** Problem statement **
Line count for "assumes": tally the lines of the records below that contain it, and give only that number.
==========
lemma collider_path_set_subset:
  assumes "collider_path D B M a b vs es" "a \<in> M" "b \<in> M"
  shows "set vs \<subseteq> M"
proof
  fix v
  assume "v \<in> set vs"
  moreover have "length vs = Suc (length es)" and ends: "vs ! 0 = a" "vs ! length es = b"
    using assms(1) unfolding collider_path_def is_path_iff_nth by auto
  ultimately obtain i where "i \<le> length es" "v = vs ! i" by (metis in_set_conv_nth less_Suc_eq_le)
  then show "v \<in> M"
    using assms ends unfolding collider_path_def by (cases "i = 0"; cases "i = length es") auto
qed

lemma collider_path_weakly_m_connecting:
  "collider_path D B M a b vs es \<Longrightarrow> weakly_m_connecting D Z M (set vs) vs es"
  unfolding collider_path_def weakly_m_connecting_def is_path_iff_nth by auto

lemma collider_path_take:
  assumes C: "collider_path D B M a y vs es" and into_y: "es \<noteq> [] \<longrightarrow> arrowhead_at (last es) y"
    and k: "k \<le> length es"
  shows "collider_path D B M a (vs ! k) (take (Suc k) vs) (take k es) \<and>
           (take k es \<noteq> [] \<longrightarrow> arrowhead_at (last (take k es)) (vs ! k))"
proof -
  have P: "is_path D B a y vs es"
    and I: "\<forall>i. 0 < i \<and> i < length es \<longrightarrow> collider vs es i \<and> vs ! i \<in> M"
    using C unfolding collider_path_def by auto
  have "collider_path D B M a (vs ! k) (take (Suc k) vs) (take k es)"
    unfolding collider_path_def using is_path_take[OF P k] k I collider_take[of _ k vs es] by auto
  moreover have "arrowhead_at (last (take k es)) (vs ! k)" if ne: "take k es \<noteq> []"
  proof (cases "k = length es")
    case True
    then show ?thesis using into_y ne P by (auto simp: is_path_iff_nth)
  next
    case False
    then have "k < length es" "0 < k" using k ne by auto
    then have "collider vs es k" using I by blast
    moreover have "last (take k es) = es ! (k - 1)"
      using ne \<open>k < length es\<close> by (simp add: last_conv_nth)
    ultimately show ?thesis unfolding collider_def by simp
  qed
  ultimately show ?thesis by blast
qed

text \<open>If z is already on the path, the path is cut back to z; the arrowhead into the endpoint
survives because every interior vertex is a collider.\<close>

lemma collider_path_extend:
  assumes C: "collider_path D B M a y vs es" and into_y: "es \<noteq> [] \<longrightarrow> arrowhead_at (last es) y"
    and e: "edge_in D B e" "connects e y z" and ey: "es \<noteq> [] \<longrightarrow> arrowhead_at e y \<and> y \<in> M"
  shows "\<exists>vs' es'. collider_path D B M a z vs' es' \<and>
           (arrowhead_at e z \<longrightarrow> es' \<noteq> [] \<longrightarrow> arrowhead_at (last es') z)"
proof -
  have P: "is_path D B a y vs es"
    and I: "\<forall>i. 0 < i \<and> i < length es \<longrightarrow> collider vs es i \<and> vs ! i \<in> M"
    using C unfolding collider_path_def by auto
  have L: "length vs = Suc (length es)" and vy: "vs ! length es = y" using P by (auto simp: is_path_iff_nth)
  show ?thesis
  proof (cases "z \<in> set vs")
    case True
    then obtain k where "k \<le> length es" "vs ! k = z" using L by (metis in_set_conv_nth less_Suc_eq_le)
    then show ?thesis using collider_path_take[OF C into_y] by blast
  next
    case False
    have "collider_path D B M a z (vs @ [z]) (es @ [e])"
      unfolding collider_path_def
    proof (rule conjI[OF is_path_snoc[OF P False e]], intro allI impI)
      fix p
      assume p: "0 < p \<and> p < length (es @ [e])"
      show "collider (vs @ [z]) (es @ [e]) p \<and> (vs @ [z]) ! p \<in> M"
      proof (cases "p < length es")
        case True
        then show ?thesis using collider_snoc[OF L] I p L by (auto simp: nth_append)
      next
        case False
        then have "p = length es" "es \<noteq> []" using p by auto
        then show ?thesis using collider_snoc_last[OF L] into_y ey vy L by (auto simp: nth_append)
      qed
    qed
    then show ?thesis by (intro exI[of _ "vs @ [z]"] exI[of _ "es @ [e]"]) simp
  qed
qed

lemma collider_path_bidirected_chain:
  assumes "(d, d') \<in> (B \<inter> W \<times> W)\<^sup>*" "W \<subseteq> M" "d \<in> W"
    and "collider_path D B M a d vs es" "es \<noteq> [] \<longrightarrow> arrowhead_at (last es) d"
  shows "\<exists>vs' es'. collider_path D B M a d' vs' es' \<and> (es' \<noteq> [] \<longrightarrow> arrowhead_at (last es') d')"
  using assms(1,4,5)
proof (induction rule: rtrancl_induct)
  case base
  then show ?case by blast
next
  case (step y z)
  then obtain vs1 es1 where C1: "collider_path D B M a y vs1 es1"
    and into: "es1 \<noteq> [] \<longrightarrow> arrowhead_at (last es1) y"
    by blast
  have "y \<in> M" using step.hyps(2) assms(2) by auto
  moreover have "edge_in D B (Bi y z)" "connects (Bi y z) y z"
    using step.hyps(2) by (auto simp: edge_in_def connects_def)
  ultimately show ?case
    using collider_path_extend[OF C1 into, of "Bi y z" z] by (simp add: arrowhead_at_def)
qed

text \<open>The collider path a \<rightarrow> d \<leftrightarrow> ... \<leftrightarrow> d' \<leftarrow> b, where the directed end edges are absent when
a = d or b = d'.\<close>

lemma collider_path_through_bidirected_chain:
  assumes "(d, d') \<in> (B \<inter> W \<times> W)\<^sup>*" "W \<subseteq> M" "d \<in> W"
    and "a = d \<or> (a, d) \<in> D" "b = d' \<or> (b, d') \<in> D"
  shows "\<exists>vs es. collider_path D B M a b vs es"
proof -
  have "collider_path D B M a a [a] []" unfolding collider_path_def is_path_def by auto
  then obtain vs1 es1 where "collider_path D B M a d vs1 es1" "es1 \<noteq> [] \<longrightarrow> arrowhead_at (last es1) d"
    using assms(4) collider_path_extend[of D B M a a "[a]" "[]" "Dir a d" d]
    by (auto simp: edge_in_def connects_def arrowhead_at_def)
  then obtain vs2 es2 where C2: "collider_path D B M a d' vs2 es2"
    and into: "es2 \<noteq> [] \<longrightarrow> arrowhead_at (last es2) d'"
    using collider_path_bidirected_chain assms(1-3) by metis
  have "d' \<in> W" using assms(1,3) by (induction rule: rtrancl_induct) auto
  then show ?thesis
    using assms(2,5) C2 into collider_path_extend[OF C2 into, of "Dir b d'" b]
    by (auto simp: edge_in_def connects_def arrowhead_at_def)
qed

lemma dis_of_bidirected_connected:
  assumes "sym B" "H \<subseteq> district B W x" "d \<in> dis_of B W H" "d' \<in> dis_of B W H"
  shows "(d, d') \<in> (B \<inter> W \<times> W)\<^sup>*"
proof -
  let ?R = "B \<inter> W \<times> W"
  have sym: "sym (?R\<^sup>*)" using assms(1) by (intro sym_rtrancl) (auto simp: sym_def)
  obtain h h' where "h \<in> H" "(h, d) \<in> ?R\<^sup>*" "h' \<in> H" "(h', d') \<in> ?R\<^sup>*"
    using assms(3,4) unfolding dis_of_def district_def by blast
  moreover have "(x, h) \<in> ?R\<^sup>*" "(x, h') \<in> ?R\<^sup>*"
    using assms(2) calculation unfolding district_def by auto
  ultimately have "(d, h) \<in> ?R\<^sup>*" "(h, x) \<in> ?R\<^sup>*" "(x, h') \<in> ?R\<^sup>*" "(h', d') \<in> ?R\<^sup>*"
    using sym by (auto dest: symD)
  then show ?thesis by (meson rtrancl_trans)
qed

lemma m_connecting_path_if_S_set:
  assumes "sym B" and S: "S \<in> S_sets V D B" and "a \<in> S" "b \<in> S" "S \<subseteq> insert a (insert b C)"
  shows "\<exists>vs es. is_path D B a b vs es \<and> m_connecting D B C vs es"
proof -
  obtain H A where HA: "S = H \<union> A" "is_head V D B H" "A \<subseteq> tail D B H"
    using S unfolding S_sets_def by blast
  define W where "W = anc D H"
  define M where "M = anc D (insert a (insert b C))"
  obtain x where "H \<subseteq> district B W x" using HA(2) unfolding is_head_def W_def by blast
  have attached: "\<exists>d\<in>dis_of B W H. s = d \<or> (s, d) \<in> D" if "s \<in> S" for s
  proof (cases "s \<in> H")
    case True
    then have "s \<in> district B W s" unfolding W_def district_def anc_def by auto
    then show ?thesis using True unfolding dis_of_def by blast
  next
    case False
    then have "s \<in> tail D B H" using that HA by auto
    then show ?thesis unfolding tail_def W_def pa_def by auto
  qed
  obtain d d' where d: "d \<in> dis_of B W H" "a = d \<or> (a, d) \<in> D"
    and d': "d' \<in> dis_of B W H" "b = d' \<or> (b, d') \<in> D"
    using attached assms(3,4) by blast
  have "W \<subseteq> M" unfolding W_def M_def anc_def using HA(1) assms(5) by auto
  moreover have "dis_of B W H \<subseteq> W" unfolding dis_of_def district_def by auto
  ultimately obtain vs es where C: "collider_path D B M a b vs es"
    using collider_path_through_bidirected_chain[OF
        dis_of_bidirected_connected[OF assms(1) \<open>H \<subseteq> district B W x\<close> d(1) d'(1)]] d d'
    by blast
  then have "is_path D B a b vs es" by (simp add: collider_path_def)
  moreover have "weakly_m_connecting D C (anc D (insert a (insert b C))) (set vs) vs es"
    using collider_path_weakly_m_connecting[OF C[unfolded M_def]] .
  ultimately show ?thesis by (rule m_connecting_path_if_weakly_m_connecting[OF finite_set])
qed

section \<open>Separation of sets outside S(G)\<close>

lemma anc_mono: "X \<subseteq> Y \<Longrightarrow> anc D X \<subseteq> anc D Y"
  unfolding anc_def by auto

lemma subset_anc: "X \<subseteq> anc D X"
  unfolding anc_def by auto

lemma anc_anc: "anc D (anc D X) = anc D X"
  unfolding anc_def by (auto intro: rtrancl_trans)

lemma anc_parent: "(x, y) \<in> D \<Longrightarrow> y \<in> anc D X \<Longrightarrow> x \<in> anc D X"
  unfolding anc_def by (auto intro: converse_rtrancl_into_rtrancl)

lemma anc_subset:
  assumes "D \<subseteq> V \<times> V" "X \<subseteq> V"
  shows "anc D X \<subseteq> V"
proof
  fix x
  assume "x \<in> anc D X"
  then obtain s where s: "s \<in> X" "(x, s) \<in> D\<^sup>*" unfolding anc_def by auto
  from s(2) show "x \<in> V" using s(1) assms by (cases rule: converse_rtranclE) auto
qed

lemma barren_subset: "barren D S \<subseteq> S"
  unfolding barren_def by auto

lemma barren_barren: "barren D (barren D S) = barren D S"
  unfolding barren_def by auto

lemma subset_anc_barren:
  assumes "finite D" "acyclic D"
  shows "S \<subseteq> anc D (barren D S)"
proof
  fix s
  assume s: "s \<in> S"
  have "wf ((D\<^sup>+)\<inverse>)"
    using wf_trancl[OF finite_acyclic_wf_converse[OF assms]] by (simp add: trancl_converse)
  moreover have "s \<in> desc D s \<inter> S" using s unfolding desc_def by auto
  ultimately obtain m where m: "m \<in> desc D s \<inter> S" "\<And>y. (m, y) \<in> D\<^sup>+ \<Longrightarrow> y \<notin> desc D s \<inter> S"
    using wfE_min by (metis converse_iff)
  then have sm: "(s, m) \<in> D\<^sup>*" unfolding desc_def by auto
  have "desc D m \<inter> S = {m}"
  proof
    show "desc D m \<inter> S \<subseteq> {m}"
    proof
      fix y
      assume y: "y \<in> desc D m \<inter> S"
      then have "(m, y) \<in> D\<^sup>*" unfolding desc_def by auto
      moreover from this have "y \<in> desc D s \<inter> S" using sm y unfolding desc_def by (auto intro: rtrancl_trans)
      ultimately show "y \<in> {m}" using m(2) by (auto simp: rtrancl_eq_or_trancl)
    qed
    show "{m} \<subseteq> desc D m \<inter> S" using m(1) unfolding desc_def by auto
  qed
  then have "m \<in> barren D S" using m(1) unfolding barren_def by auto
  then show "s \<in> anc D (barren D S)" using sm unfolding anc_def by auto
qed

lemma barren_no_child_in_anc:
  assumes "acyclic D" "barren D H = H" "h \<in> H" "w \<in> anc D H"
  shows "(h, w) \<notin> D"
proof
  assume hw: "(h, w) \<in> D"
  obtain h' where h': "h' \<in> H" "(w, h') \<in> D\<^sup>*" using assms(4) unfolding anc_def by auto
  then have "(h, h') \<in> D\<^sup>+" using hw by (meson rtrancl_into_trancl2)
  moreover have "desc D h \<inter> H = {h}" using assms(2,3) unfolding barren_def by blast
  ultimately have "(h, h) \<in> D\<^sup>+" using h'(1) unfolding desc_def by auto
  then show False using assms(1) unfolding acyclic_def by auto
qed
==========
** Exercise response **
10